Not that they held religion in favour. For instance, Patriarch Tikhon was turned down peremptorily when he proposed to hold a mourning service in every single place of worship of the “living church” on the day Lenin died. At first, of course, this field of life was hardly more immune than others to certain excesses, as they readily admit. These days the believers have the right, at least in principle, to found a congregation and secure the services of a priest in their own pay. The Council of Moscow, however, refuses to allocate flats to the clergy in the inner districts. They commute from their dacha in the resort colonies outside the city. “Still, where would I go to find a church still working?” I asked Lyubov Vorontsova on the bus.

She did not know, but a woman hanging on next to us came up with two addresses. She recommended the one on Ulitsa Palashovskavo for its “wonderful choir”.

All we had to find out was what day of the week it was. When will it be Sunday? We called the editorial office of Pravda; it turned out to be a Saturday.1

Next morning I was running late. I bolted through the courtyard in front of the church where a sort of market was set up with vendors hawking scarves, fruit, kvass, potatoes and brooms. I found Lyubov Vorontsova leaning against a door, her face ashen. She was evidently sick. Having greeted her softly, I went searching for a place for her to sit, but churches in Russia have no pews; there was not even a chair in sight. I stood next to her and just kept standing there for all of three hours, forgetting about everything around me, until she begged that we leave before she collapsed. Then I became conscious of what was surely one of the most astounding spectacles my eyes took in during my stay in Russia.

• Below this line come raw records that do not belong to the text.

(* Given a homogeneous basis $\{x^p\}$ of $H^\ast$ with respect to $H^\ast=H_i^\ast\oplus H_v^\ast\oplus H_g^\ast$, there is an isomorphism of vector spaces \[ \mathrm{Br}\llbracket H^\ast\rrbracket\cong k\llbracket x^p\rrbracket/\mathcal I, \] where $\mathcal I$ is the ideal generated by $\{x_v^px_g^q\}$ (products of a basis element of $H_v^\ast$ with a basis element of $H_g^\ast$).
   Context: $G=\mathbb{Z}/2\mathbb{Z}=\{e,g\}$, $k$ a field of characteristic zero. $(H,\rho)$ is a finite dimensional self-invariant $\mathbb{Z}/2\mathbb{Z}$-graded $\mathbb{Z}/2\mathbb{Z}$-module ($g$ acts trivially on $H_g$), so $H=H_i\oplus H_v\oplus H_g$ where $H_e=H_i\oplus H_v$, $g$ acts trivially on $H_i$ and by $-1$ on $H_v$; $H^G=H_i\oplus H_g$. $B_n$ acts on $H^{\otimes n}$ through the braiding $v\otimes w\mapsto(h\cdot w)\otimes v$ for $v\in H_h$, and $\mathrm{Br}\llbracket H^\ast\rrbracket=\prod_n\mathrm{Br}^nH^\ast$ with $\mathrm{Br}^nH^\ast$ the $B_n$-invariant $n$-linear forms. The isomorphism uses the identification of symmetric $n$-linear forms with homogeneous polynomials of degree $n$ (subscripts on $x^p$ indicate the summand $i,v,g$). *)

theory Defs
  imports Complex_Main
begin

text \<open>Hi, Hv, Hg are the three summands; H_e = H_i + H_v is the degree-e part,
  Hg the degree-g part.  The generator g of G acts by rho.\<close>

definition sum_sp :: "'h::ab_group_add set \<Rightarrow> 'h set \<Rightarrow> 'h set" where
  "sum_sp A B = {a + b | a b. a \<in> A \<and> b \<in> B}"

definition direct_sum3 :: "'h::ab_group_add set \<Rightarrow> 'h set \<Rightarrow> 'h set \<Rightarrow> bool" where
  "direct_sum3 A B C \<longleftrightarrow>
     (\<forall>h. \<exists>!(a, b, c). a \<in> A \<and> b \<in> B \<and> c \<in> C \<and> h = a + b + c)"

text \<open>Linear functionals on H lying in the summand S^* of H^* = H_i^* + H_v^* + H_g^*
  (functionals vanishing on the two complementary summands).\<close>
definition dual_part :: "('k::field \<Rightarrow> 'h::ab_group_add \<Rightarrow> 'h) \<Rightarrow> 'h set \<Rightarrow> 'h set \<Rightarrow> ('h \<Rightarrow> 'k) set"
  where "dual_part scale A B =
     {f. Vector_Spaces.linear scale (*) f \<and> (\<forall>h \<in> A \<union> B. f h = 0)}"

definition dual_basis :: "('k::field \<Rightarrow> 'h::ab_group_add \<Rightarrow> 'h) \<Rightarrow> ('p::finite \<Rightarrow> 'h \<Rightarrow> 'k) \<Rightarrow> bool"
  where "dual_basis scale x \<longleftrightarrow>
     (\<forall>p. Vector_Spaces.linear scale (*) (x p)) \<and>
     (\<forall>f. Vector_Spaces.linear scale (*) f \<longrightarrow>
          (\<exists>!c :: 'p \<Rightarrow> 'k. f = (\<lambda>h. \<Sum>p\<in>UNIV. c p * x p h)))"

Every inch of the walls and the ceiling was plated in glittering gold. Gilded were the triptych on the altar, the metal flags hanging everywhere, the myriad paintings hung snugly side by side on the walls. The Eyes of the Lord emitted yard-long golden rays, and gold foil covered the six enormous chandeliers which nearly filled all the vast space over our heads. It was like being suffocated in an inflated, gigantic jewellery box. Entering this space through the gilded doorways were the threadbare believers carrying their packages and bags in hand, as if they filed out of a nightmare. They came smelling rank with rain and poverty, and had a distant, vacant look in their eyes. They set down their belongings and, without a word, threw themselves prone to the ground, faces brushing the flagstones, arms stretched forward with open palms. Now raising themselves abruptly to their knees, they swung their arms toward the sky, then fell back to the ground with a thud. Finally they stood back up and lined up in one of two long queues winding their way to the icons on either side of the main altar.

Stairs led to both images, one depicting Mary with the infant Jesus, the other some Russian saint. They, too, were adorned in gold relief. In the one closer to me, from my position only Jesus’s feet and Mary’s right hand were visible, behind a pane of glass.

Making their way in front of the icon, the believers hurled themselves to the ground again, muttered a brief prayer, and waited for their turn to press their lips in a long kiss against the glass. Descending the stairs, they turned an enraptured face of bliss to us.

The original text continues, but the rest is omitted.